The Moving Defendants contend Plaintiffs' fraud and negligent misrepresentation allegations fail to meet Rule 9(b)'s heightened pleading standard. Def. Mem. at 19-20; Matana v. Merkin, 957 F.Supp.2d 473, 484 (S.D.N.Y. 2013) (citing Eternity Global Master Fund Ltd. v. Morgan Guar. Trust Co. of N.Y., 375 F.3d 168, 187 (2d Cir. 2004)); Woori Bank v. Citigroup Inc., 2013 WL 1235648, at *5 (S.D.N.Y. Mar. 27, 2013). Rule 9(b) requires Plaintiffs to “(1) detail the statements (or omissions) that the plaintiff contends are fraudulent, (2) identify the speaker, (3) state where and when the statements (or omissions) were made, and (4) explain why the statements (or omissions) are fraudulent.” Eternity Global Master Fund Ltd., 375 F.3d at 187. Representations [8] - [12] fail to do so because they do not allege where nor the means by which Ferrari made the representations. See Compl. ¶ 19. Representation [14] fails because it does not name the speaker nor where or when the statement was made. Id. ¶ 21. Plaintiffs fails to satisfy Rule 9(b)'s heightened pleading requirements with respect to these Representations and therefore may not premise any fraud claims thereon. The remainder of Representations meet the particularity standard.

Plaintiffs must also plead scienter, “although [they] may do so generally.” E.g., Colpitts v.

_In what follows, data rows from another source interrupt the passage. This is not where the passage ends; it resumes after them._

(* Let $t\in(0,1)$ and $\gamma>0$, and let $v_\gamma(z)=(1-|z|)^\gamma$ for $z\in\mathbb{D}$. (i) If $\gamma\ge1$, then $\|C_t\|_{H^\infty_{v_\gamma}\to H^\infty_{v_\gamma}}=1$. (ii) If $\gamma\in(0,1)$, then $\|C_t\|_{H^\infty_{v_\gamma}\to H^\infty_{v_\gamma}}\le\min\{-\frac{\log(1-t)}{t},\frac{1}{\gamma}\}$.
   Context: $\mathbb{D}=\{z\in\mathbb{C}:|z|<1\}$ and $H(\mathbb{D})$ is the space of holomorphic functions on $\mathbb{D}$. For a weight $v$ (continuous non-increasing $v\colon[0,1)\to(0,\infty)$, with $v(z):=v(|z|)$), $H^\infty_v=\{f\in H(\mathbb{D}):\|f\|_{\infty,v}:=\sup_{z\in\mathbb{D}}|f(z)|v(z)<\infty\}$ with norm $\|\cdot\|_{\infty,v}$. For $t\in[0,1]$ the generalized Cesàro operator $C_t$ is defined on $f\in H(\mathbb{D})$ by $C_tf(0)=f(0)$ and $C_tf(z)=\frac{1}{z}\int_0^z\frac{f(\xi)}{1-t\xi}\,d\xi$ for $z\in\mathbb{D}\setminus\{0\}$. *)

theory Defs
  imports "HOL-Complex_Analysis.Complex_Analysis"
begin

text \<open>Weighted sup-norm (with values in the extended reals, so that it is
  \<infinity> for functions outside H^\<infinity>_v). A weight is a function on [0,1),
  extended radially: v(z) := v(|z|).\<close>
definition wnorm :: "(real \<Rightarrow> real) \<Rightarrow> (complex \<Rightarrow> complex) \<Rightarrow> ereal" where
  "wnorm v f = (SUP z\<in>ball 0 1. ereal (norm (f z) * v (norm z)))"

definition Hinf_v :: "(real \<Rightarrow> real) \<Rightarrow> (complex \<Rightarrow> complex) set" where
  "Hinf_v v = {f. f holomorphic_on ball 0 1 \<and> wnorm v f < \<infinity>}"

definition cesaro :: "real \<Rightarrow> (complex \<Rightarrow> complex) \<Rightarrow> complex \<Rightarrow> complex" where
  "cesaro t f z = (if z = 0 then f 0
     else (1 / z) * contour_integral (linepath 0 z) (\<lambda>\<xi>. f \<xi> / (1 - of_real t * \<xi>)))"

definition opnorm_v :: "(real \<Rightarrow> real) \<Rightarrow> ((complex \<Rightarrow> complex) \<Rightarrow> (complex \<Rightarrow> complex)) \<Rightarrow> ereal" where
  "opnorm_v v T = (SUP f\<in>{f \<in> Hinf_v v. wnorm v f \<le> 1}. wnorm v (T f))"

definition v_gamma :: "real \<Rightarrow> real \<Rightarrow> real" where
  "v_gamma \<gamma> r = (1 - r) powr \<gamma>"

end

(*
  For |z| = r the substitution xi = s z gives C_t f(z) = int_0^1 f(sz) / (1 - tsz) ds, and
  |f(sz)| <= ||f|| (1 - sr)^(-gamma). Bounding (1 - sr)^gamma below by (1 - r)^gamma and
  |1 - tsz| by 1 - ts produces the factor -log(1 - t)/t. Bounding |1 - tsz| by 1 - sr instead
  leaves a majorant with an explicit antiderivative, and the resulting factor
  (1 - (1 - r)^gamma)/(gamma r) is at most max {1, 1/gamma} by Bernoulli's inequality.
  The constant function 1 has norm at most 1 and C_t 1 (0) = 1, so the norm of C_t is at least 1.
*)
theory Submission
  imports Defs
begin

lemma norm_integral_le_antiderivative:
  fixes h :: "real \<Rightarrow> 'a::banach" and d \<phi> :: "real \<Rightarrow> real"
  assumes "(h has_integral I) {a..b}" and "a \<le> b"
    and "\<And>s. s \<in> {a..b} \<Longrightarrow> norm (h s) \<le> d s"
    and "\<And>s. s \<in> {a..b} \<Longrightarrow> (\<phi> has_real_derivative d s) (at s within {a..b})"
  shows "norm I \<le> \<phi> b - \<phi> a"
proof -
  have d: "(d has_integral (\<phi> b - \<phi> a)) {a..b}"
    using assms(2,4)
    by (intro fundamental_theorem_of_calculus) (auto simp flip: has_real_derivative_iff_has_vector_derivative)
  have "norm (integral {a..b} h) \<le> integral {a..b} d"
    using assms(1,3) d by (intro integral_norm_bound_integral) auto
  then show ?thesis
    using assms(1) d by (simp add: integral_unique)
qed

lemma one_minus_powr_le:
  fixes r \<gamma> :: real
  assumes "0 \<le> r" "r < 1" "0 < \<gamma>"
  shows "1 - (1 - r) powr \<gamma> \<le> max 1 \<gamma> * r"
proof (cases "1 \<le> \<gamma>")
  case True
  let ?g = "\<lambda>x. x powr \<gamma> - \<gamma> * x"
  have "?g 1 \<le> ?g (1 - r)"
  proof (rule DERIV_nonpos_imp_nonincreasing[of "1 - r" 1 ?g])
    show "1 - r \<le> 1" using assms by simp
  next
    fix x assume x: "1 - r \<le> x" "x \<le> 1"
    then have "0 < x" using assms by linarith
    then have "(?g has_real_derivative \<gamma> * x powr (\<gamma> - 1) - \<gamma>) (at x)"
      by (auto intro!: derivative_eq_intros)
    moreover have "\<gamma> * x powr (\<gamma> - 1) \<le> \<gamma> * 1"
      using \<open>0 < x\<close> x True by (intro mult_left_mono powr_le1) auto
    ultimately show "\<exists>y. (?g has_real_derivative y) (at x) \<and> y \<le> 0"
      by auto
  qed
  then show ?thesis using True by (simp add: algebra_simps)
next
  case False
  have "(1 - r) powr 1 \<le> (1 - r) powr \<gamma>"
    using False assms by (intro powr_mono') auto
  then show ?thesis using False assms by simp
qed

lemma norm_one_minus_mult_ge:
  fixes t :: real and \<xi> :: complex
  shows "1 - \<bar>t\<bar> * norm \<xi> \<le> norm (1 - of_real t * \<xi>)"
  using norm_triangle_ineq2[of 1 "of_real t * \<xi>"] by (simp add: norm_mult)

lemma cesaro_kernel_holomorphic:
  fixes f :: "complex \<Rightarrow> complex"
  assumes "f holomorphic_on ball 0 1" and "\<bar>t\<bar> \<le> 1"
  shows "(\<lambda>\<xi>. f \<xi> / (1 - of_real t * \<xi>)) holomorphic_on ball 0 1"
proof -
  have "1 - of_real t * \<xi> \<noteq> 0" if "\<xi> \<in> ball 0 1" for \<xi> :: complex
  proof -
    have "\<bar>t\<bar> * norm \<xi> \<le> norm \<xi>"
      using assms(2) by (simp add: mult_left_le_one_le)
    then have "\<bar>t\<bar> * norm \<xi> < 1"
      using that by simp
    then show ?thesis using norm_one_minus_mult_ge[of t \<xi>] by auto
  qed
  then show ?thesis using assms(1) by (auto intro!: holomorphic_intros)
qed

lemma segment_0_subset_unit_ball:
  "z \<in> ball 0 1 \<Longrightarrow> path_image (linepath 0 z) \<subseteq> ball 0 1"
  by (simp add: path_image_linepath closed_segment_subset)

lemma cesaro_has_integral:
  assumes "f holomorphic_on ball 0 1" and "\<bar>t\<bar> \<le> 1" and "z \<in> ball 0 1"
  shows "((\<lambda>s. f (of_real s * z) / (1 - of_real t * (of_real s * z))) has_integral cesaro t f z) {0..1}"
proof (cases "z = 0")
  case True
  then show ?thesis
    using has_integral_const_real[of "f 0" 0 1] by (simp add: cesaro_def)
next
  case False
  let ?g = "\<lambda>\<xi>. f \<xi> / (1 - of_real t * \<xi>)"
  have "?g contour_integrable_on linepath 0 z"
    using cesaro_kernel_holomorphic[OF assms(1,2)] segment_0_subset_unit_ball[OF assms(3)]
    by (intro contour_integrable_holomorphic_simple) auto
  then have "((\<lambda>s. ?g (linepath 0 z s) * z) has_integral contour_integral (linepath 0 z) ?g) {0..1}"
    using has_contour_integral_integral has_contour_integral_linepath by fastforce
  from has_integral_divide[OF this, of z] show ?thesis
    using False by (simp add: cesaro_def linepath_def scaleR_conv_of_real)
qed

Blue Diamond Growers, 527 F.Supp.3d 562, 585 (S.D.N.Y. 2021). “Allegations supporting an inference of fraudulent intent frequently include defendant's statement that a fact exists or [that] an event will come to pass coupled with allegations that the fact did not exist or the event did not occur, and circumstances indicating that the statement was false when made.” Bangkok Crafts Corp. v. Capitolo di San Pietro in Vaticano, 331 F.Supp.2d 247, 254 (S.D.N.Y. 2004) (internal quotation marks omitted). Plaintiffs allege that the Predecessor Defendants knew their statements-almost all of which derive from the alleged performance of other ILKB franchises, which knowledge is exclusive to the Predecessor Defendants- were false when made. Compl. ¶¶ 65, 69. The Court finds the Complaint plausibly alleges scienter. “[B]eing aware of facts that undercut the truth of their statements gives rise to a strong inference that [the Predecessor] Defendants intended to defraud Plaintiff[s] by making knowingly false representations.” W.Valley KB Venture, LLC, 2021WL 4171918, at *6 (alterations and internal quotation marks omitted) (finding the same allegations sufficient for scienter); ILKB, LLC v. Singh, 2021 WL 3565719, at *6 (E.D.N.Y. Aug. 12, 2021) (same). Accordingly, the surviving Representations are not dismissed on this basis.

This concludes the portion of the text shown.